Week 2, Lesson 7: Advanced Raster Analysis

Learning outcomes of today:

Being able to:

  • carry out a supervised classification on a series of raster layers
  • construct a raster sieve using the clump() function
  • deal with thematic (categorical maps)

Advanced Raster Analysis

Introduction to Landsat data used here

Since being released to the public, the Landsat data archive has become an invaluable tool for environmental monitoring. With a historical archive reaching back to the 1970’s, the release of these data has resulted in a spur of time series based methods. In this tutorial, we will work with time series data from the Landsat 7 Enhanced Thematic Mapper (ETM+) sensor. Landsat scenes are delivered via the USGS as a number of image layers representing the different bands captured by the sensors. In the case of the Landsat 7 Enhanced Thematic Mapper (ETM+) sensor, the bands are shown in the figure below. Using different combination of these bands can be useful in describing land features and change processes.

Landsat 7 ETM+ bands

Part of a Landsat scene, including bands 2-4 are included in the data provided here. These data have been processed using the LEDAPS framework, so the values contained in this dataset represent surface reflectance, scaled by 10000 (ie. divide by 10000 to get a reflectance value between 0 and 1).

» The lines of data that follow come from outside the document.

lemma three_halves_expansion:
  assumes hol: "\<tau> holomorphic_on ball 0 \<rho>" and "\<rho> > 0"
  obtains G H where "G holomorphic_on ball u0 (\<rho>^2)" "H holomorphic_on ball u0 (\<rho>^2)"
    "\<And>t. t \<in> ball 0 \<rho> \<Longrightarrow> G (u0 + t^2) + H (u0 + t^2) * t^3 = z0 + (t * \<tau> t)^2"
    "G u0 = z0" "deriv G u0 = \<tau> 0 ^ 2" "H u0 = 2 * \<tau> 0 * deriv \<tau> 0"
proof -
  have "(\<lambda>t. \<tau> t ^ 2) holomorphic_on ball 0 \<rho>"
    by (intro holomorphic_intros hol)
  then obtain A B where AB: "A holomorphic_on ball 0 (\<rho>^2)" "B holomorphic_on ball 0 (\<rho>^2)"
      "\<And>t. t \<in> ball 0 \<rho> \<Longrightarrow> \<tau> t ^ 2 = A (t^2) + t * B (t^2)"
      "A 0 = \<tau> 0 ^ 2" "B 0 = deriv (\<lambda>t. \<tau> t ^ 2) 0"
    using holomorphic_even_odd_decomposition \<open>\<rho> > 0\<close> by blast
  have shift: "u - u0 \<in> ball 0 (\<rho>^2)" if "u \<in> ball u0 (\<rho>^2)" for u
    using that by (simp add: dist_norm norm_minus_commute)
  show ?thesis
  proof
    show "(\<lambda>u. z0 + (u - u0) * A (u - u0)) holomorphic_on ball u0 (\<rho>^2)"
      "(\<lambda>u. B (u - u0)) holomorphic_on ball u0 (\<rho>^2)"
      using shift by (auto intro!: holomorphic_intros holomorphic_on_compose_into[OF AB(1)]
          holomorphic_on_compose_into[OF AB(2)])
    show "z0 + (u0 + t^2 - u0) * A (u0 + t^2 - u0) + B (u0 + t^2 - u0) * t^3 = z0 + (t * \<tau> t)^2"
      if "t \<in> ball 0 \<rho>" for t
      using AB(3)[OF that] by (simp add: power_mult_distrib algebra_simps eval_nat_numeral)
    have "(A has_field_derivative deriv A 0) (at (u0 - u0))"
      using holomorphic_derivI[OF AB(1) open_ball] \<open>\<rho> > 0\<close> by simp
    then have "((\<lambda>u. z0 + (u - u0) * A (u - u0)) has_field_derivative A 0) (at u0)"
      by (auto intro!: derivative_eq_intros DERIV_chain2[where f = A])
    then show "deriv (\<lambda>u. z0 + (u - u0) * A (u - u0)) u0 = \<tau> 0 ^ 2"
      using AB(4) by (simp add: DERIV_imp_deriv)
    have "(\<tau> has_field_derivative deriv \<tau> 0) (at 0)"
      using holomorphic_derivI[OF hol open_ball] \<open>\<rho> > 0\<close> by simp
    then have "((\<lambda>t. \<tau> t ^ 2) has_field_derivative 2 * \<tau> 0 * deriv \<tau> 0) (at 0)"
      by (auto intro!: derivative_eq_intros)
    then show "B (u0 - u0) = 2 * \<tau> 0 * deriv \<tau> 0"
      using AB(5) by (simp add: DERIV_imp_deriv)
  qed simp
qed

lemma square_in_slit_disc_iff:
  assumes "\<beta>^2 = d" "\<beta> \<noteq> 0"
  shows "c + s^2 \<in> slit_disc c r d \<longleftrightarrow> norm s ^ 2 < r \<and> Im (s / \<beta>) \<noteq> 0"
proof -
  have "(\<exists>t. 0 \<le> t \<and> s^2 = of_real t * d) \<longleftrightarrow> Im (s / \<beta>) = 0"
  proof
    assume "\<exists>t. 0 \<le> t \<and> s^2 = of_real t * d"
    then obtain t where "0 \<le> t" "(s / \<beta>)^2 = (of_real (sqrt t))^2"
      using assms by (auto simp: power_divide simp flip: of_real_power)
    then show "Im (s / \<beta>) = 0"
      by (metis Im_complex_of_real neg_equal_0_iff_equal power2_eq_iff uminus_complex.sel(2))
  next
    assume "Im (s / \<beta>) = 0"
    then have "s / \<beta> = of_real (Re (s / \<beta>))"
      by (simp add: complex_eq_iff)
    then have "s^2 = of_real (Re (s / \<beta>) ^ 2) * d"
      using assms by (metis nonzero_eq_divide_eq of_real_power power_mult_distrib)
    then show "\<exists>t. 0 \<le> t \<and> s^2 = of_real t * d"
      by (metis zero_le_power2)
  qed
  then show ?thesis
    by (auto simp: slit_disc_def dist_norm norm_power)
qed
(* Let $\mu$ be a non-atomic Radon measure on $\mathbb{R}$ and let $w$ be a weight such that $[w]_{A_\infty}<\infty$. Then for every $\varepsilon$ with $0<\varepsilon<\dfrac{1}{4[w]_{A_\infty}-1}$ and every bounded interval $I\subset\mathbb{R}$, \[ \frac{1}{\mu(I)}\int_I w^{1+\varepsilon}\,d\mu \le 2\left(\frac{1}{\mu(I)}\int_I w\,d\mu\right)^{1+\varepsilon}. \]
   Context: A weight is a nonnegative $\mu$-measurable function on $\mathbb{R}$; $w(E)=\int_E w\,d\mu$; averages are over intervals with $0<\mu(I)<\infty$. $M$ denotes the (uncentered) Hardy–Littlewood maximal function with respect to $\mu$: $Mf(x)=\sup_{I\ni x}\frac{1}{\mu(I)}\int_I|f|\,d\mu$, supremum over intervals containing $x$. The Fujii–Wilson constant is \[ [w]_{A_\infty}:=\sup_I \frac{1}{w(I)}\int_I M(w\chi_I)\,d\mu, \] the supremum over all intervals $I$. *)

theory Defs
  imports "HOL-Analysis.Analysis"
begin

definition enn_powr :: "ennreal \<Rightarrow> real \<Rightarrow> ennreal" where
  "enn_powr x p = (if x = \<infinity> then \<infinity> else ennreal (enn2real x powr p))"

definition avg_intervals :: "real measure \<Rightarrow> real set set" where
  "avg_intervals M = {J. is_interval J \<and> 0 < emeasure M J \<and> emeasure M J < \<infinity>}"

definition maxfun :: "real measure \<Rightarrow> (real \<Rightarrow> real) \<Rightarrow> real \<Rightarrow> ennreal" where
  "maxfun M f x =
     (SUP J \<in> {J \<in> avg_intervals M. x \<in> J}.
        (\<integral>\<^sup>+ y\<in>J. ennreal \<bar>f y\<bar> \<partial>M) / emeasure M J)"

definition wmeas :: "real measure \<Rightarrow> (real \<Rightarrow> real) \<Rightarrow> real set \<Rightarrow> ennreal" where
  "wmeas M w E = (\<integral>\<^sup>+ x\<in>E. ennreal (w x) \<partial>M)"
(* Let $G$ be an abelian group and $A$ an algebra in ${}^{G}_{G}\mathcal{YD}$ which is semisimple as a $\mathbb{C}$-algebra. Let $K\subset A$ be a central subfield which is invariant (i.e. $G$-fixed and of trivial $G$-degree) and over which $A$ is finite-dimensional. Then $A$ is projective as a right module over $A^{\underline{op}}\underline{\otimes}_K A$, where $A$ is a module via $m\cdot(a\otimes b)=(m_{-1}\cdot a)m_0b$.
   Context: ${}^{G}_{G}\mathcal{YD}$ is the category of Yetter–Drinfeld modules over $\mathbb{C}G$: $G$-modules with a $\mathbb{C}G$-coaction $v\mapsto v_{-1}\otimes v_0$ (for $G$ abelian, action and coaction commute), with braiding $v\otimes w\mapsto (v_{-1}w)\otimes v_0$. For algebras $A,B$ in this category, the braided tensor product $A\underline{\otimes}B$ has product $(a\otimes b)(a'\otimes b')=a(b_{-1}a')\otimes b_0b'$; $A^{\underline{op}}$ is $A$ with product $a\cdot_{\underline{op}}b=(a_{-1}b)a_0$; $A^{\underline{op}}\underline{\otimes}_KA$ is the analogous braided tensor product over $K$. *)

theory Defs
  imports Complex_Main
begin

text \<open>
The abelian group G is a type 'g of class ab_group_add (written
additively).  The coaction of CG on A,
v |-> v_(-1) (x) v_0 = Sum_g g (x) cmp g v, is recorded by its coefficient maps
cmp g with respect to the basis G of CG (literal unfolding of a CG-comodule).
\<close>

definition gsupp :: "('g \<Rightarrow> 'a::zero \<Rightarrow> 'a) \<Rightarrow> 'a \<Rightarrow> 'g set" where
  "gsupp cmp x = {g. cmp g x \<noteq> 0}"

definition complex_algebra :: "(complex \<Rightarrow> 'a::ring_1 \<Rightarrow> 'a) \<Rightarrow> bool" where
  "complex_algebra sc \<longleftrightarrow> vector_space sc \<and>
     (\<forall>c x y. sc c (x * y) = sc c x * y \<and> sc c (x * y) = x * sc c y)"

definition YD_algebra ::
  "(complex \<Rightarrow> 'a::ring_1 \<Rightarrow> 'a) \<Rightarrow> ('g::ab_group_add \<Rightarrow> 'a \<Rightarrow> 'a) \<Rightarrow> ('g \<Rightarrow> 'a \<Rightarrow> 'a) \<Rightarrow> bool" where
  "YD_algebra sc act cmp \<longleftrightarrow> complex_algebra sc \<and>
     \<comment> \<open>linear G-action\<close>
     (\<forall>x. act 0 x = x) \<and> (\<forall>g h x. act (g + h) x = act g (act h x)) \<and>
     (\<forall>g x y. act g (x + y) = act g x + act g y) \<and> (\<forall>g c x. act g (sc c x) = sc c (act g x)) \<and>
     \<comment> \<open>CG-comodule: linear, finitely supported, counital, coassociative\<close>
     (\<forall>g x y. cmp g (x + y) = cmp g x + cmp g y) \<and> (\<forall>g c x. cmp g (sc c x) = sc c (cmp g x)) \<and>
     (\<forall>x. finite (gsupp cmp x)) \<and>
     (\<forall>x. (\<Sum>g\<in>gsupp cmp x. cmp g x) = x) \<and>
     (\<forall>g h x. cmp g (cmp h x) = (if g = h then cmp g x else 0)) \<and>
     \<comment> \<open>Yetter-Drinfeld compatibility (G abelian): action and coaction commute\<close>
     (\<forall>g h x. cmp g (act h x) = act h (cmp g x)) \<and>
     \<comment> \<open>multiplication and unit are G-module maps\<close>
     (\<forall>g x y. act g (x * y) = act g x * act g y) \<and> (\<forall>g. act g 1 = 1) \<and>
     \<comment> \<open>multiplication and unit are CG-comodule maps\<close>
     (\<forall>k x y. cmp k (x * y) = (\<Sum>g\<in>gsupp cmp x. cmp g x * cmp (k - g) y)) \<and>
     (\<forall>g. cmp g 1 = (if g = 0 then 1 else 0))"

definition left_ideal :: "'a::ring_1 set \<Rightarrow> bool" where
  "left_ideal L \<longleftrightarrow> 0 \<in> L \<and> (\<forall>x\<in>L. \<forall>y\<in>L. x + y \<in> L) \<and> (\<forall>x\<in>L. - x \<in> L) \<and>
     (\<forall>a. \<forall>x\<in>L. a * x \<in> L)"

definition semisimple_ring :: "'a::ring_1 itself \<Rightarrow> bool" where
  "semisimple_ring T \<longleftrightarrow> (\<forall>L::'a set. left_ideal L \<longrightarrow>
     (\<exists>L'. left_ideal L' \<and> L \<inter> L' = {0} \<and> (\<forall>x. \<exists>y\<in>L. \<exists>z\<in>L'. x = y + z)))"

definition central_subfield :: "(complex \<Rightarrow> 'a::ring_1 \<Rightarrow> 'a) \<Rightarrow> 'a set \<Rightarrow> bool" where
  "central_subfield sc K \<longleftrightarrow> (1::'a) \<noteq> 0 \<and> 0 \<in> K \<and> 1 \<in> K \<and>
     (\<forall>x\<in>K. \<forall>y\<in>K. x + y \<in> K \<and> x * y \<in> K) \<and> (\<forall>x\<in>K. - x \<in> K) \<and>
     (\<forall>x\<in>K. x \<noteq> 0 \<longrightarrow> (\<exists>y\<in>K. x * y = 1)) \<and>
     (\<forall>c. \<forall>x\<in>K. sc c x \<in> K) \<and>
     (\<forall>x\<in>K. \<forall>a. x * a = a * x)"

definition invariant_set :: "('g::ab_group_add \<Rightarrow> 'a::ring_1 \<Rightarrow> 'a) \<Rightarrow> ('g \<Rightarrow> 'a \<Rightarrow> 'a) \<Rightarrow> 'a set \<Rightarrow> bool" where
  "invariant_set act cmp K \<longleftrightarrow> (\<forall>g. \<forall>x\<in>K. act g x = x) \<and> (\<forall>x\<in>K. cmp 0 x = x)"

definition finite_dim_over :: "'a::ring_1 set \<Rightarrow> bool" where
  "finite_dim_over K \<longleftrightarrow> (\<exists>S. finite S \<and> (\<forall>a. \<exists>c. (\<forall>s\<in>S. c s \<in> K) \<and> a = (\<Sum>s\<in>S. c s * s)))"

text \<open>Braided opposite product: a \<cdot>op b = (a_(-1) b) a_0.\<close>
definition bop :: "('g \<Rightarrow> 'a::ring_1 \<Rightarrow> 'a) \<Rightarrow> ('g \<Rightarrow> 'a \<Rightarrow> 'a) \<Rightarrow> 'a \<Rightarrow> 'a \<Rightarrow> 'a" where
  "bop act cmp a b = (\<Sum>h\<in>gsupp cmp a. act h b * cmp h a)"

We will begin exploring these data simply by downloading and visualizing them. The data is the same Gewata data from Lesson 5, but in this case all the bands are saved as a separate file. We also have a VCF (Vegetation Continuous Field) data and training polygons which will be useful in this lesson. We will be making use of the RasterBrick object.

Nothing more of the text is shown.